When you print the records, keep every line identical to the original.
[[ SUPPLIED RECORDS open ]]
theorem lemma4p5:
  fixes A :: "'a set" and pl ml :: "'a \<Rightarrow> 'a \<Rightarrow> 'a" and a :: 'a and p :: nat
  assumes "T_brace A pl ml"
    and "a \<in> zeta2_star A pl ml"
    and "\<forall>n::nat. n > 0 \<longrightarrow> a [^]\<^bsub>addG A pl\<^esub> n \<noteq> bzero A pl"
    and "Factorial_Ring.prime p"
    and "\<forall>x \<in> zeta_star A pl ml. (\<exists>n::nat. n > 0 \<and> x [^]\<^bsub>addG A pl\<^esub> n = bzero A pl)
           \<longrightarrow> (\<exists>k::nat. x [^]\<^bsub>addG A pl\<^esub> (p ^ k) = bzero A pl)"
  shows "(bstar A pl ml a a) [^]\<^bsub>addG A pl\<^esub> p = bzero A pl"
proof -
  interpret left_brace A pl ml
    using assms(1) by unfold_locales (simp add: T_brace_def)
  let ?b = "a \<star> a"
  have a: "a \<in> Z2" using assms(2) zeta2_star_subset_Z2 by blast
  have aA: "a \<in> A" using a Z2_subset by blast
  have b: "?b \<in> Z" and bA: "?b \<in> A" using Z2_star_left[OF a aA] Z_subset by auto
  have "G.ord a = 0" using assms(3) aA by (simp add: G.ord_eq_0 bzero_def)
  then obtain l where bl: "?b [^]\<^bsub>AG\<^esub> (int p * (1 - int p * l)) = \<zero>\<^sub>A"
    using T_brace_star_self_int_pow_eq_zero[OF assms(1) a] by blast
  have not_dvd: "\<not> int p dvd 1 - int p * l"
    using assms(4) by (metis dvd_triv_left not_prime_unit prime_nat_int_transfer zdvd_zdiffD)
  have "int p * (1 - int p * l) \<noteq> 0"
    using not_dvd prime_gt_0_nat[OF assms(4)] by auto
  then have "G.ord ?b \<noteq> 0"
    using bl bA by (auto simp: G.int_pow_eq_id)
  then have "\<exists>n::nat. n > 0 \<and> ?b [^]\<^bsub>AG\<^esub> n = \<zero>\<^sub>A"
    using G.pow_ord_eq_1[of ?b] bA by auto
  then obtain j where "?b [^]\<^bsub>AG\<^esub> (p ^ j) = \<zero>\<^sub>A"
    using assms(5) b unfolding bzero_def by blast
  then show ?thesis
    using G.pow_prime_eq_one[OF assms(4)] bA bl not_dvd by (simp add: bzero_def)
qed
[[ SUPPLIED RECORDS closed ]]
▸ **ANSWER TO THIS PROBLEM**
theorem lemma4p5:
  fixes A :: "'a set" and pl ml :: "'a \<Rightarrow> 'a \<Rightarrow> 'a" and a :: 'a and p :: nat
  assumes "T_brace A pl ml"
    and "a \<in> zeta2_star A pl ml"
    and "\<forall>n::nat. n > 0 \<longrightarrow> a [^]\<^bsub>addG A pl\<^esub> n \<noteq> bzero A pl"
    and "Factorial_Ring.prime p"
    and "\<forall>x \<in> zeta_star A pl ml. (\<exists>n::nat. n > 0 \<and> x [^]\<^bsub>addG A pl\<^esub> n = bzero A pl)
           \<longrightarrow> (\<exists>k::nat. x [^]\<^bsub>addG A pl\<^esub> (p ^ k) = bzero A pl)"
  shows "(bstar A pl ml a a) [^]\<^bsub>addG A pl\<^esub> p = bzero A pl"
proof -
  interpret left_brace A pl ml
    using assms(1) by unfold_locales (simp add: T_brace_def)
  let ?b = "a \<star> a"
  have a: "a \<in> Z2" using assms(2) zeta2_star_subset_Z2 by blast
  have aA: "a \<in> A" using a Z2_subset by blast
  have b: "?b \<in> Z" and bA: "?b \<in> A" using Z2_star_left[OF a aA] Z_subset by auto
  have "G.ord a = 0" using assms(3) aA by (simp add: G.ord_eq_0 bzero_def)
  then obtain l where bl: "?b [^]\<^bsub>AG\<^esub> (int p * (1 - int p * l)) = \<zero>\<^sub>A"
    using T_brace_star_self_int_pow_eq_zero[OF assms(1) a] by blast
  have not_dvd: "\<not> int p dvd 1 - int p * l"
    using assms(4) by (metis dvd_triv_left not_prime_unit prime_nat_int_transfer zdvd_zdiffD)
  have "int p * (1 - int p * l) \<noteq> 0"
    using not_dvd prime_gt_0_nat[OF assms(4)] by auto
  then have "G.ord ?b \<noteq> 0"
    using bl bA by (auto simp: G.int_pow_eq_id)
  then have "\<exists>n::nat. n > 0 \<and> ?b [^]\<^bsub>AG\<^esub> n = \<zero>\<^sub>A"
    using G.pow_ord_eq_1[of ?b] bA by auto
  then obtain j where "?b [^]\<^bsub>AG\<^esub> (p ^ j) = \<zero>\<^sub>A"
    using assms(5) b unfolding bzero_def by blast
  then show ?thesis
    using G.pow_prime_eq_one[OF assms(4)] bA bl not_dvd by (simp add: bzero_def)
qed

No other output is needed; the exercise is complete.